La primavera araba, secondo Angelo Del Boca (e secondo noi)
Le speranze della rivolta, la tragedia dei morti, le incognite Lo storico è intervenuto in video-conferenza
Il ruolo dei media. La presenza di giovani. La sospettata influenza
del fanatismo religioso. L'ondata migratoria. Il possibile contagio
verso l'Africa subsahariana.
La guerra in Libia. In un'espressione, al momento molto in voga, la
Primavera Araba è stata al centro dell'incontro con Angelo Del
Boca, narratore, saggista, storico del colonialismo italiano in
Africa e in Libia in particolare.
Lo studioso, uno dei meglio attrezzati e più cercati per parlare di
questo fenomeno, non ha esitato a criticare duramente la posizione
sostenuta da alcuni Stati europei e dell'Italia in particolare.

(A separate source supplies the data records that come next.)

lemma growth_prob_SYT_growth:
  fixes q t :: "'a::field"
  assumes T: "is_SYT la T" and n: "card la = n" and t: "t \<noteq> 0"
  shows "growth_prob q t n (SYT_growth n T) =
    t ^ nfun la * (\<Prod>i\<in>{1..n}. alpha q t (subshape T i) (subshape T (i - 1)))"
proof -
  let ?square = "square_prob q t (SYT_growth n T)"
  have row: "(\<Prod>j\<in>{1..n}. ?square i j) = ?square i i" if "i \<in> {1..n}" for i
  proof -
    have "(\<Prod>j\<in>{1..n}. ?square i j) = (\<Prod>j\<in>{1..n}. if i = j then ?square i i else 1)"
      using that square_prob_SYT_growth_off_diagonal[OF T n] by (intro prod.cong) auto
    also have "\<dots> = ?square i i"
      using that by (simp add: prod.delta')
    finally show ?thesis .
  qed
  then have "growth_prob q t n (SYT_growth n T) =
      (\<Prod>i\<in>{1..n}. t powi nskew (subshape T i) (subshape T (i - 1)) *
        alpha q t (subshape T i) (subshape T (i - 1)))"
    unfolding growth_prob_def
    using square_prob_SYT_growth_diagonal[OF T n] by (intro prod.cong) auto
  with prod_powi_nskew_subshape[OF T t] n show ?thesis
    by (simp add: prod.distrib)
qed

theorem lemma4p29:
  fixes q t :: "'a::field" and n :: nat and la :: diagram and P Q :: "cell \<Rightarrow> nat"
  assumes "generic_qt q t"
    and "n \<ge> 1"
    and "is_partition la" and "card la = n"
    and "is_SYT la P" and "is_SYT la Q"
  shows "perm_prob q t n id P Q =
           (if P = Q then t ^ nfun la * (\<Prod>i\<in>{1..card la}. alpha q t (subshape P i) (subshape P (i - 1)))
            else 0)"
proof -
  have "t \<noteq> 0"
    using \<open>generic_qt q t\<close> by (simp add: generic_qt_def)
  then have "growth_prob q t n (SYT_growth n P) =
      t ^ nfun la * (\<Prod>i\<in>{1..n}. alpha q t (subshape P i) (subshape P (i - 1)))"
    using \<open>is_SYT la P\<close> \<open>card la = n\<close> by (intro growth_prob_SYT_growth)
  then show ?thesis
    unfolding perm_prob_def growths_id_with_tableaux[OF \<open>is_SYT la P\<close> \<open>card la = n\<close>]
    using \<open>card la = n\<close> by (cases "P = Q") simp_all
qed

end
(* With $\mu_n=\{p/n:p\in\mathbb Z,\ |p/n|\le n\}$, $\Lambda_{\mathbb Q}=\{\mu_{m!}:m\in\mathbb N\}$, $I$ a fine ideal of $\mathfrak F(\mathcal P_{fin}(\mathbb Q),\mathbb R)$ containing $I_{0,\Lambda_{\mathbb Q}}$, and $J$ the canonical projection, put $\alpha=\mathfrak n(\mathbb N)=J(\lambda\mapsto|\lambda\cap\mathbb N|)$. Then $\mathfrak n(\mathbb Q^+)=\alpha^2$ and $\mathfrak n(\mathbb Q)=2\alpha^2+1$, and hence in the NAP-space produced by $(\mathbb Q,1,I)$, $P(\mathbb N)=\dfrac{\alpha}{2\alpha^2+1}$.
   Context: $\mathbb N=\{1,2,3,\dots\}$, $\mathbb Q^+=\{x\in\mathbb Q:x>0\}$. $\mathcal P_{fin}(\Omega)$ is the set of finite subsets of $\Omega$ and $\mathfrak F=\mathfrak F(\mathcal P_{fin}(\Omega),\mathbb R)$ the real algebra of functions $\mathcal P_{fin}(\Omega)\to\mathbb R$ with pointwise operations. For $\omega\in\Omega$, $\chi_\lambda(\omega)=1$ if $\omega\in\lambda$, else $0$. An ideal $I$ of $\mathfrak F$ is fine if it is maximal and $\lambda\mapsto 1-\chi_\lambda(\omega)$ lies in $I$ for every $\omega\in\Omega$. For $\Lambda\subseteq\mathcal P_{fin}(\Omega)$, $I_{0,\Lambda}=\{\varphi\in\mathfrak F:\varphi(\lambda)=0\text{ for all }\lambda\in\Lambda\}$. The NAP-space produced by $(\Omega,1,I)$ has $P(A)=J(\lambda\mapsto|A\cap\lambda|)/J(\lambda\mapsto|\lambda|)$ with $J$ the canonical projection $\mathfrak F\to\mathfrak F/I$; the numerosity of $A\subseteq\Omega$ is $\mathfrak n(A)=J(\lambda\mapsto|A\cap\lambda|)$ (equivalently $P(A)/P(\{\omega\})$). *)

theory Defs
  imports "HOL-Algebra.Algebra" "HOL-Library.FSet" "HOL-Library.Function_Algebras"
begin

text \<open>The real algebra F(P_fin(Omega), R) of real functions on finite subsets of Omega,
  with pointwise operations, as a HOL-Algebra ring record.\<close>
definition FR :: "('a fset \<Rightarrow> real) ring" where
  "FR = \<lparr>carrier = UNIV, monoid.mult = (*), one = 1, ring.zero = 0, ring.add = (+)\<rparr>"

definition chi :: "'a fset \<Rightarrow> 'a \<Rightarrow> real" where
  "chi l w = (if w |\<in>| l then 1 else 0)"

definition fine_ideal :: "('a fset \<Rightarrow> real) set \<Rightarrow> bool" where
  "fine_ideal I \<longleftrightarrow> maximalideal I FR \<and> (\<forall>w. (\<lambda>l. 1 - chi l w) \<in> I)"

definition I0 :: "'a fset set \<Rightarrow> ('a fset \<Rightarrow> real) set" where
  "I0 Lam = {phi. \<forall>l\<in>Lam. phi l = 0}"

definition Jproj :: "('a fset \<Rightarrow> real) set \<Rightarrow> ('a fset \<Rightarrow> real) \<Rightarrow> ('a fset \<Rightarrow> real) set" where
  "Jproj I f = I +>\<^bsub>FR\<^esub> f"

definition numerosity :: "('a fset \<Rightarrow> real) set \<Rightarrow> 'a set \<Rightarrow> ('a fset \<Rightarrow> real) set" where
  "numerosity I A = Jproj I (\<lambda>l. real (card (A \<inter> fset l)))"

text \<open>NAP-space probability produced by (Omega, 1, I) (Omega = UNIV of the type).\<close>
definition nap_P :: "('a fset \<Rightarrow> real) set \<Rightarrow> 'a set \<Rightarrow> ('a fset \<Rightarrow> real) set" where
  "nap_P I A = Jproj I (\<lambda>l. real (card (A \<inter> fset l)))
       \<otimes>\<^bsub>FR Quot I\<^esub> inv\<^bsub>FR Quot I\<^esub> (Jproj I (\<lambda>l. real (fcard l)))"

definition mu :: "nat \<Rightarrow> rat fset" where
  "mu n = Abs_fset {q. \<exists>p::int. q = of_int p / of_nat n \<and> \<bar>of_int p / of_nat n\<bar> \<le> (of_nat n :: rat)}"

definition Lambda_Q :: "rat fset set" where
  "Lambda_Q = {mu (fact m) | m. m \<ge> 1}"

definition natsQ :: "rat set" where
  "natsQ = {of_nat n | n. n \<ge> 1}"

end

theory Submission
  imports Defs
begin

(* Every window  lambda = mu(m!)  of Lambda_Q is the finite grid
     grid N = { p/N : p integer, |p/N| <= N }  with  N = m! >= 1,
   i.e. the image of the integer interval [-N^2, N^2] under p |-> p/N.  Counting
   on this grid gives, for every N >= 1,
     |grid N| = 2 N^2 + 1,   |Q^+ \<inter> grid N| = N^2,   |natsQ \<inter> grid N| = N.
   So on Lambda_Q the counting functions of Q^+ and Q coincide pointwise with
   a*a and a*a + a*a + 1, where a counts the positive integers.  The canonical
   projection J onto FR Quot I is a ring homomorphism for any ideal I of FR,
   and it identifies functions agreeing on Lambda_Q as soon as I contains
   I0 Lambda_Q.  Hence n(Q^+) = alpha^2 and n(Q) = 2 alpha^2 + 1 with
   alpha = n(natsQ), and P(natsQ) = alpha / n(Q) by unfolding. *)

definition grid :: "nat \<Rightarrow> rat set" where
  "grid N = {q. \<exists>p::int. q = of_int p / of_nat N \<and> \<bar>of_int p / of_nat N\<bar> \<le> (of_nat N :: rat)}"

text \<open>For N \<ge> 1 the scaling p \<mapsto> p/N is injective, so it preserves cardinalities.\<close>
lemma card_scaled_image:
  assumes "N \<ge> 1"
  shows "card ((\<lambda>p::int. of_int p / of_nat N :: rat) ` A) = card A"
  using assms by (intro card_image) (auto simp: inj_on_def)

lemma grid_eq_image:
  assumes "N \<ge> 1"
  shows "grid N = (\<lambda>p. of_int p / of_nat N) ` {- ((int N)^2) .. (int N)^2}"
proof -
  have N: "(of_nat N :: rat) > 0" using assms by simp
  have bound: "\<bar>of_int p / of_nat N\<bar> \<le> (of_nat N :: rat) \<longleftrightarrow> p \<in> {- ((int N)^2) .. (int N)^2}"
    for p :: int
  proof -
    have "\<bar>of_int p / of_nat N\<bar> \<le> (of_nat N :: rat) \<longleftrightarrow> of_int \<bar>p\<bar> \<le> (of_int ((int N)^2) :: rat)"
      using N by (simp add: pos_divide_le_eq power2_eq_square)
    also have "\<dots> \<longleftrightarrow> p \<in> {- ((int N)^2) .. (int N)^2}"
      by (simp only: of_int_le_iff atLeastAtMost_iff abs_le_iff) linarith
    finally show ?thesis .
  qed
  show ?thesis unfolding grid_def using bound by blast
qed

text \<open>Each grid is finite, so mu N really has the grid as its underlying set.\<close>
lemma finite_grid: "N \<ge> 1 \<Longrightarrow> finite (grid N)"
  by (simp add: grid_eq_image)

lemma card_grid:
  assumes "N \<ge> 1"
  shows "card (grid N) = 2 * N^2 + 1"
  using assms by (simp add: grid_eq_image card_scaled_image nat_add_distrib nat_mult_distrib nat_power_eq)

lemma card_positive_grid:
  assumes "N \<ge> 1"
  shows "card ({q. q > 0} \<inter> grid N) = N^2"
proof -
  have "(of_nat N :: rat) > 0" using assms by simp
  then have "{q. q > 0} \<inter> grid N = (\<lambda>p. of_int p / of_nat N) ` {1 .. (int N)^2}"
    unfolding grid_eq_image[OF assms] by (auto simp: zero_less_divide_iff)
  then show ?thesis using assms by (simp add: card_scaled_image nat_power_eq)
qed

lemma natsQ_inter_grid:
  assumes "N \<ge> 1"
  shows "natsQ \<inter> grid N = of_nat ` {1..N}"
proof (intro equalityI subsetI)
  fix q assume q: "q \<in> natsQ \<inter> grid N"
  then obtain n where n: "q = of_nat n" "n \<ge> 1" unfolding natsQ_def by blast
  from q obtain p where "q = of_int p / of_nat N" "\<bar>of_int p / of_nat N\<bar> \<le> (of_nat N :: rat)"
    unfolding grid_def by blast
  then have "(of_nat n :: rat) \<le> of_nat N" using n(1) by (metis abs_ge_self order_trans)
  then have "n \<le> N" by simp
  then show "q \<in> of_nat ` {1..N}" using n by auto
next
  fix q assume "q \<in> (of_nat ` {1..N} :: rat set)"
  then obtain n where n: "q = of_nat n" "1 \<le> n" "n \<le> N" by auto
  have "q = of_int (int n * int N) / of_nat N" "\<bar>of_int (int n * int N) / of_nat N\<bar> \<le> (of_nat N :: rat)"
    using assms n by simp_all
  then show "q \<in> natsQ \<inter> grid N" unfolding natsQ_def grid_def using n by blast
qed

lemma card_natsQ_grid:
  assumes "N \<ge> 1"
  shows "card (natsQ \<inter> grid N) = N"
  using assms by (simp add: natsQ_inter_grid card_image inj_on_def)

lemma Lambda_Q_grid:
  assumes "l \<in> Lambda_Q"
  obtains N where "N \<ge> 1" "fset l = grid N"
proof -
  from assms obtain m where l: "l = mu (fact m)" unfolding Lambda_Q_def by blast
  have N: "(fact m :: nat) \<ge> 1" by (simp add: Suc_leI)
  have "fset l = grid (fact m)"
    using finite_grid[OF N] unfolding l mu_def grid_def[symmetric] by (simp add: Abs_fset_inverse)
  with N that show thesis by blast
qed

lemma cring_FR: "cring (FR :: ('a fset \<Rightarrow> real) ring)"
proof -
  have "\<exists>y. x + y = 0" for x :: "'a fset \<Rightarrow> real"
    using add.right_inverse by blast
  then show ?thesis
    unfolding FR_def by unfold_locales (auto simp: algebra_simps Units_def)
qed

lemma Jproj_ring_hom:
  assumes "ideal I FR"
  shows "Jproj I \<in> ring_hom FR (FR Quot I)"
  using ideal.rcos_ring_hom[OF assms] unfolding Jproj_def[abs_def] .

lemma Jproj_mult: "ideal I FR \<Longrightarrow> Jproj I (f * g) = Jproj I f \<otimes>\<^bsub>FR Quot I\<^esub> Jproj I g"
  using ring_hom_mult[OF Jproj_ring_hom, of I f g] by (simp add: FR_def)

lemma Jproj_add: "ideal I FR \<Longrightarrow> Jproj I (f + g) = Jproj I f \<oplus>\<^bsub>FR Quot I\<^esub> Jproj I g"
  using ring_hom_add[OF Jproj_ring_hom, of I f g] by (simp add: FR_def)

lemma Jproj_one: "ideal I FR \<Longrightarrow> Jproj I 1 = \<one>\<^bsub>FR Quot I\<^esub>"
  using ring_hom_one[OF Jproj_ring_hom, of I] by (simp add: FR_def)

lemma Jproj_eq_on:
  assumes I: "ideal I FR" and I0: "I0 Lam \<subseteq> I"
    and agree: "\<And>l. l \<in> Lam \<Longrightarrow> f l = g l"
  shows "Jproj I f = Jproj I g"
proof -
  interpret Q: ring "FR Quot I" using ideal.quotient_is_ring[OF I] .
  have "f - g \<in> I" using agree I0 unfolding I0_def by auto
  then have zero: "Jproj I (f - g) = \<zero>\<^bsub>FR Quot I\<^esub>"
    using ring.a_rcos_zero[OF cring.axioms(1)[OF cring_FR] I]
    unfolding Jproj_def by (simp add: FactRing_def)
  have "Jproj I g \<in> carrier (FR Quot I)"
    using ring_hom_closed[OF Jproj_ring_hom[OF I]] by (simp add: FR_def)
  moreover have "Jproj I f = Jproj I g \<oplus>\<^bsub>FR Quot I\<^esub> Jproj I (f - g)"
    using Jproj_add[OF I, of g "f - g"] by simp
  ultimately show ?thesis using zero by simp
qed

theorem mainTheorem16:
  fixes I :: "(rat fset \<Rightarrow> real) set"
  assumes "fine_ideal I"
    and "I0 Lambda_Q \<subseteq> I"
  shows "numerosity I {q. q > 0} = numerosity I natsQ \<otimes>\<^bsub>FR Quot I\<^esub> numerosity I natsQ
    \<and> numerosity I UNIV = (numerosity I natsQ \<otimes>\<^bsub>FR Quot I\<^esub> numerosity I natsQ)
          \<oplus>\<^bsub>FR Quot I\<^esub> (numerosity I natsQ \<otimes>\<^bsub>FR Quot I\<^esub> numerosity I natsQ)
          \<oplus>\<^bsub>FR Quot I\<^esub> \<one>\<^bsub>FR Quot I\<^esub>
    \<and> nap_P I natsQ = numerosity I natsQ \<otimes>\<^bsub>FR Quot I\<^esub>
          inv\<^bsub>FR Quot I\<^esub> ((numerosity I natsQ \<otimes>\<^bsub>FR Quot I\<^esub> numerosity I natsQ)
          \<oplus>\<^bsub>FR Quot I\<^esub> (numerosity I natsQ \<otimes>\<^bsub>FR Quot I\<^esub> numerosity I natsQ)
          \<oplus>\<^bsub>FR Quot I\<^esub> \<one>\<^bsub>FR Quot I\<^esub>)"
proof -
  have I: "ideal I FR"
    using assms(1) unfolding fine_ideal_def by (blast intro: maximalideal.axioms(1))
  define a where "a = (\<lambda>l::rat fset. real (card (natsQ \<inter> fset l)))"
  have alpha: "numerosity I natsQ = Jproj I a" unfolding numerosity_def a_def ..
  have positive: "numerosity I {q. q > 0} = Jproj I (a * a)"
    unfolding numerosity_def
    by (rule Jproj_eq_on[OF I assms(2)], erule Lambda_Q_grid)
       (simp add: a_def card_positive_grid card_natsQ_grid power2_eq_square)
  have total: "numerosity I UNIV = Jproj I (a * a + a * a + 1)"
    unfolding numerosity_def
    by (rule Jproj_eq_on[OF I assms(2)], erule Lambda_Q_grid)
       (simp add: a_def card_grid card_natsQ_grid power2_eq_square)
  have prob: "nap_P I natsQ = numerosity I natsQ \<otimes>\<^bsub>FR Quot I\<^esub> inv\<^bsub>FR Quot I\<^esub> (numerosity I UNIV)"
    unfolding nap_P_def numerosity_def by (simp add: fcard.rep_eq)
  show ?thesis
    using positive total prob
    unfolding alpha Jproj_mult[OF I] Jproj_add[OF I] Jproj_one[OF I] by simp
qed

end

Angelo Del Boca - per motivi di salute collegato da Torino in
videoconferenza - si è prestato ad un'intervista in pubblico
condotta dal giornalista Pietro Veronese de La Repubblica e da
Giuseppe Folloni, professore di Economia presso l'Università di
Trento.
«La rivolta araba è un tema centrale per il Festival, non solo per
una questione di drammatica contemporaneità - spiega Veronese - ma
anche perché il gesto da cui è cominciato tutto in Tunisia è una
questione molecolare legata alla libertà economica: un giovane
venditore ambulante cui viene sequestrata la merce, vistosi
sottrarre ogni possibilità di sopravvivenza, si è dato fuoco presto
imitato da altri giovani.
«Così come l'ondata migratoria, conseguenza evidente della rivolta,
è un'altra questione attinente alla libertà economica e, in
particolare, alla libertà del mercato del lavoro.»

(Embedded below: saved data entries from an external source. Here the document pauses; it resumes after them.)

definition sphere_triangulation :: "'v set \<Rightarrow> ('v \<times> 'v \<times> 'v) set \<Rightarrow> bool" where
  "sphere_triangulation V F \<longleftrightarrow>
     finite V \<and> F \<noteq> {} \<and>
     \<comment> \<open>faces are triples of distinct vertices\<close>
     (\<forall>a b c. (a, b, c) \<in> F \<longrightarrow> a \<in> V \<and> b \<in> V \<and> c \<in> V \<and> a \<noteq> b \<and> b \<noteq> c \<and> a \<noteq> c) \<and>
     \<comment> \<open>every vertex belongs to a face\<close>
     (\<forall>v\<in>V. \<exists>b c. (v, b, c) \<in> F) \<and>
     \<comment> \<open>closed under cyclic rotation (same oriented face)\<close>
     (\<forall>a b c. (a, b, c) \<in> F \<longrightarrow> (b, c, a) \<in> F) \<and>
     \<comment> \<open>simplicial complex: a vertex set spans at most one face\<close>
     (\<forall>a b c a' b' c'. (a, b, c) \<in> F \<longrightarrow> (a', b', c') \<in> F \<longrightarrow> {a, b, c} = {a', b', c'} \<longrightarrow>
        (a', b', c') \<in> {(a, b, c), (b, c, a), (c, a, b)}) \<and>
     \<comment> \<open>each directed edge is in at most one positively oriented face\<close>
     (\<forall>a b c c'. (a, b, c) \<in> F \<longrightarrow> (a, b, c') \<in> F \<longrightarrow> c = c') \<and>
     \<comment> \<open>each edge is in a second face with the opposite induced orientation\<close>
     (\<forall>a b c. (a, b, c) \<in> F \<longrightarrow> (\<exists>d. (b, a, d) \<in> F)) \<and>
     \<comment> \<open>vertex links are single cycles (manifold condition)\<close>
     (\<forall>v a b a' b'. (v, a, b) \<in> F \<longrightarrow> (v, a', b') \<in> F \<longrightarrow>
        (a, a') \<in> {(x, y). (v, x, y) \<in> F}\<^sup>*) \<and>
     \<comment> \<open>connected\<close>
     (\<forall>x\<in>V. \<forall>y\<in>V. (x, y) \<in> {(p, q). \<exists>r. (p, q, r) \<in> F}\<^sup>*) \<and>
     \<comment> \<open>Euler characteristic 2 (each face is listed 3 times in F)\<close>
     int (card V) - int (card (edges F)) + int (card F div 3) = 2"

definition nondegenerate_face :: "('v \<Rightarrow> complex) \<Rightarrow> 'v \<Rightarrow> 'v \<Rightarrow> 'v \<Rightarrow> bool" where
  "nondegenerate_face z a b c \<longleftrightarrow> \<not> collinear {z a, z b, z c}"

text \<open>theta_e for the edge e = {a,b} with adjacent faces (a,b,c) and (b,a,d);
  the principal argument Arg is a continuous branch near any configuration where
  both faces are non-degenerate.\<close>
definition theta :: "('v \<Rightarrow> complex) \<Rightarrow> 'v \<Rightarrow> 'v \<Rightarrow> 'v \<Rightarrow> 'v \<Rightarrow> real" where
  "theta z a b c d = pi - Arg ((z b - z c) / (z a - z c)) - Arg ((z a - z d) / (z b - z d))"

definition Amat :: "('v \<Rightarrow> complex) \<Rightarrow> 'v \<Rightarrow> 'v set \<Rightarrow> complex" where
  "Amat z v e = (if v \<in> e then 1 / (z v - z (the_elem (e - {v}))) else 0)"

definition Emat :: "('v \<times> 'v \<times> 'v) set \<Rightarrow> 'v set \<Rightarrow> 'v set \<Rightarrow> complex" where
  "Emat F e e' =
     (if e \<noteq> e' \<and> (\<exists>a b c. (a, b, c) \<in> F \<and> e = {a, b} \<and> e' = {b, c}) then -1
      else if e \<noteq> e' \<and> (\<exists>a b c. (a, b, c) \<in> F \<and> e' = {a, b} \<and> e = {b, c}) then 1
      else 0)"

text \<open>Wirtinger derivatives of a real-valued function with real derivative D
  (an R-linear map complex \<Rightarrow> real).\<close>
definition wirt_dz :: "(complex \<Rightarrow> real) \<Rightarrow> complex" where
  "wirt_dz D = (complex_of_real (D 1) - \<i> * complex_of_real (D \<i>)) / 2"

definition wirt_dzbar :: "(complex \<Rightarrow> real) \<Rightarrow> complex" where
  "wirt_dzbar D = (complex_of_real (D 1) + \<i> * complex_of_real (D \<i>)) / 2"

end

theory Submission
  imports Defs
begin

text \<open>Away from the non-positive reals \<open>Arg = Im \<circ> Ln\<close>, so moving \<open>z v\<close> changes each of
  the two arguments in \<open>\<theta>\<^sub>e\<close> by the imaginary part of the logarithmic derivative of a ratio
  \<open>(z p - z r) / (z q - z r)\<close>, and that logarithmic derivative is
  \<open>A(v, {p, r}) - A(v, {q, r})\<close>. Hence \<open>d\<theta>\<^sub>e(h) = - Im (X h)\<close>, where \<open>X\<close> is a signed sum of
  \<open>A(v, e')\<close> over the four other edges of the two faces at \<open>e\<close>; these are exactly the edges
  with \<open>E(e', e) \<noteq> 0\<close>, and the signs match. The Wirtinger derivatives of \<open>h \<mapsto> - Im (X h)\<close>
  are \<open>i X / 2\<close> and \<open>- i cnj X / 2\<close>.\<close>

lemma not_collinear_imp_ratio_not_real:
  fixes x y u :: complex
  assumes "\<not> collinear {x, y, u}"
  shows "(x - u) / (y - u) \<notin> \<real>"
proof
  assume "(x - u) / (y - u) \<in> \<real>"
  then obtain r where r: "(x - u) / (y - u) = of_real r" by (metis Reals_cases)
  have "y \<noteq> u" using assms by (metis collinear_2 insert_absorb2 insert_commute)
  with r have "x - u = r *\<^sub>R (y - u)" by (simp add: field_simps scaleR_conv_of_real)
  then have "collinear {y, u, x}" by (simp add: collinear_3 collinear_lemma)
  with assms show False by (simp add: insert_commute)
qed

lemma has_derivative_Arg:
  assumes "w \<notin> \<real>\<^sub>\<le>\<^sub>0"
  shows "(Arg has_derivative (\<lambda>h. Im (h / w))) (at w)"
proof -
  have "((\<lambda>u. Im (Ln u)) has_derivative (\<lambda>h. Im (inverse w * h))) (at w)"
    using has_derivative_Im[OF has_field_derivative_Ln[OF assms, unfolded has_field_derivative_def]] .
  then have "((\<lambda>u. Im (Ln u)) has_derivative (\<lambda>h. Im (h / w))) (at w)"
    by (simp add: divide_inverse mult.commute)
  then show ?thesis
    by (rule has_derivative_transform_within_open[where s = "- {0}"])
       (use assms in \<open>auto simp: Arg_def\<close>)
qed

lemma has_derivative_Arg_comp:
  assumes "(W has_field_derivative W') (at x)" and "W x \<notin> \<real>"
  shows "((\<lambda>u. Arg (W u)) has_derivative (\<lambda>h. Im (W' / W x * h))) (at x)"
proof -
  have "W x \<notin> \<real>\<^sub>\<le>\<^sub>0" using assms(2) nonpos_Reals_subset_Reals by blast
  from has_derivative_compose[OF assms(1)[unfolded has_field_derivative_def] has_derivative_Arg[OF this]]
  show ?thesis by (simp add: field_simps)
qed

L'intervista, condotta dai due esperti e dagli interventi del
pubblico, ha consentito di tratteggiare alcuni aspetti della
Primavera araba, partendo dai risultati parziali che oggi sono
evidenti a molti.
«Non un fallimento, anche se così da certi punti di vista potrebbe
sembrare - sottolinea Del Boca, - le rivolte hanno avuto un ruolo
importante nel prendere di sorpresa tutto l'Occidente.»

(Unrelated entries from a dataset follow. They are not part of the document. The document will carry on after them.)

lemma bij_betw_glued_map: "bij_betw (glued_map S) (\<Union>(domain_chain S)) (\<Union>(range_chain S))"
proof (rule bij_betw_imageI)
  show "inj_on (glued_map S) (\<Union>(domain_chain S))"
  proof (rule inj_onI)
    fix x y assume xy: "x \<in> \<Union>(domain_chain S)" "y \<in> \<Union>(domain_chain S)"
      and eq: "glued_map S x = glued_map S y"
    obtain K L \<phi> where t: "(K, L, \<phi>) \<in> S" "{\<one>\<^bsub>G\<^esub>} \<subseteq> K" "x \<in> K" "y \<in> K"
      by (rule piece_containing[OF trivial_piece_mem[unfolded trivial_piece_def] xy])
    have eq': "\<phi> x = \<phi> y" using eq glued_map_eq[OF t(1,3)] glued_map_eq[OF t(1,4)] by simp
    have "inj_on \<phi> K" using coherent_piece[OF t(1)] unfolding piece_def bij_betw_def by blast
    then show "x = y" using eq' t(3,4) by (rule inj_onD)
  qed
  show "glued_map S ` \<Union>(domain_chain S) = \<Union>(range_chain S)"
  proof
    show "glued_map S ` \<Union>(domain_chain S) \<subseteq> \<Union>(range_chain S)"
    proof
      fix z assume "z \<in> glued_map S ` \<Union>(domain_chain S)"
      then obtain x where x: "x \<in> \<Union>(domain_chain S)" "z = glued_map S x" by blast
      from x(1) obtain K L \<phi> where t: "(K, L, \<phi>) \<in> S" "x \<in> K"
        unfolding domain_chain_def by blast
      have "z \<in> glued_map S ` K" using t(2) x(2) by blast
      then have "z \<in> L" using image_glued_map[OF t(1)] by simp
      then show "z \<in> \<Union>(range_chain S)" using t(1) unfolding range_chain_def by blast
    qed
    show "\<Union>(range_chain S) \<subseteq> glued_map S ` \<Union>(domain_chain S)"
    proof
      fix z assume "z \<in> \<Union>(range_chain S)"
      then obtain K L \<phi> where t: "(K, L, \<phi>) \<in> S" "z \<in> L" unfolding range_chain_def by blast
      then have "z \<in> glued_map S ` K" using image_glued_map[OF t(1)] by simp
      moreover have "K \<subseteq> \<Union>(domain_chain S)" using t(1) unfolding domain_chain_def by blast
      ultimately show "z \<in> glued_map S ` \<Union>(domain_chain S)" by blast
    qed
  qed
qed

lemma piece_range_small: "(K, L, \<phi>) \<in> S \<Longrightarrow> |L| <o |carrier H|"
proof -
  assume "(K, L, \<phi>) \<in> S"
  then have "bij_betw \<phi> K L" "|K| <o |carrier G|" using coherent_piece unfolding piece_def by blast+
  then show ?thesis using bij_betw_small_iff by blast
qed

lemma least_outside_domain_mem:
  assumes "K \<in> domain_chain S" "K' \<in> domain_chain S" "K \<subset> K'"
  shows "least_outside (carrier G) K \<in> K'"
proof -
  obtain L \<phi> L' \<phi>' where t: "(K, L, \<phi>) \<in> S" "(K', L', \<phi>') \<in> S"
    using assms(1,2) unfolding domain_chain_def by blast
  show ?thesis using coherent_extends[OF t] assms(3) unfolding extends_piece_def by blast
qed

lemma least_outside_range_mem:
  assumes "L \<in> range_chain S" "L' \<in> range_chain S" "L \<subset> L'"
  shows "least_outside (carrier H) L \<in> L'"
proof -
  obtain K \<phi> K' \<phi>' where t: "(K, L, \<phi>) \<in> S" "(K', L', \<phi>') \<in> S"
    using assms(1,2) unfolding range_chain_def by blast
  have "K \<subseteq> K'" "K \<noteq> K'"
    using coherent_chain[OF t] coherent_range_mono[OF t(2,1)] assms(3) by blast+
  then show ?thesis using coherent_extends[OF t] unfolding extends_piece_def by blast
qed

E sicuramente questo lo hanno fatto. Secondo lo storico italiano,
l'Europa ha fallito nella capacità di prevedere e di capire quanto
stava accadendo: in particolare i governi di Francia e Italia
stavano continuando a intrattenere - apparentemente inconsapevoli -
importanti rapporti con i capi di Stato che poi sono stati
rovesciati.
I media sembrano avere avuto un ruolo importante - in negativo - in
questa vicenda.
Qui Del Boca cita il caso di Al Jazeera responsabile di aver
lanciato notizie del tutto inverosimili e l'affermazione di Lucio
Caracciolo secondo il quale la crisi libica sarebbe stata
caratterizzata da un collasso dell'informazione con la circolazione
di notizie false utilizzate per giustificare l'intervento
militare.
Si sono toccati poi i punti delle differenze di reazione nei
confronti dei paesi in rivolta - ultimatum perentori nei confronti
di alcuni Stati e tolleranza nei confronti di altri - e del
contagio possibile verso Paesi della fascia subsahariana come
Uganda e Camerun che già hanno cercato di raccogliere, finora senza
risultato, la bandiera nordafricana.
Una bandiera e una rivolta seguite anche da ondate di profughi e di
migranti verso le coste del Sud Europa.
Del Boca cita il dato di una tragedia: sarebbero oltre 12 mila i
cadaveri in fondo al canale di Sicilia.
Un capitolo a parte dell'intervista è stato dedicato alla
Libia.
L'azione militare è stata descritta dallo storico come tragica
(9.000 missioni di cui 3.500 con bombardamenti) e dannosa per gli
affari e la credibilità italiani-
«Noi eravamo in una situazione di grande fragilità che ci
consigliava di essere prudenti e defilarci come ha fatto la
Germania, invece abbiamo iniziato una politica ondulatoria
incoerente.»
Un intervento che, secondo Del Boca, mira ad eliminare Gheddafi
dopo averne ucciso il figlio e alcuni nipoti.
Per questo episodio lo storico ed ex partigiano italiano ha voluto
inviare un telegramma al colonnello.
Un testo letto alla fine del suo intervento che contiene le
condoglianze per la morte di persone care, ma anche la condanna per
una guerra giudicata ingiusta e di dubbia legalità.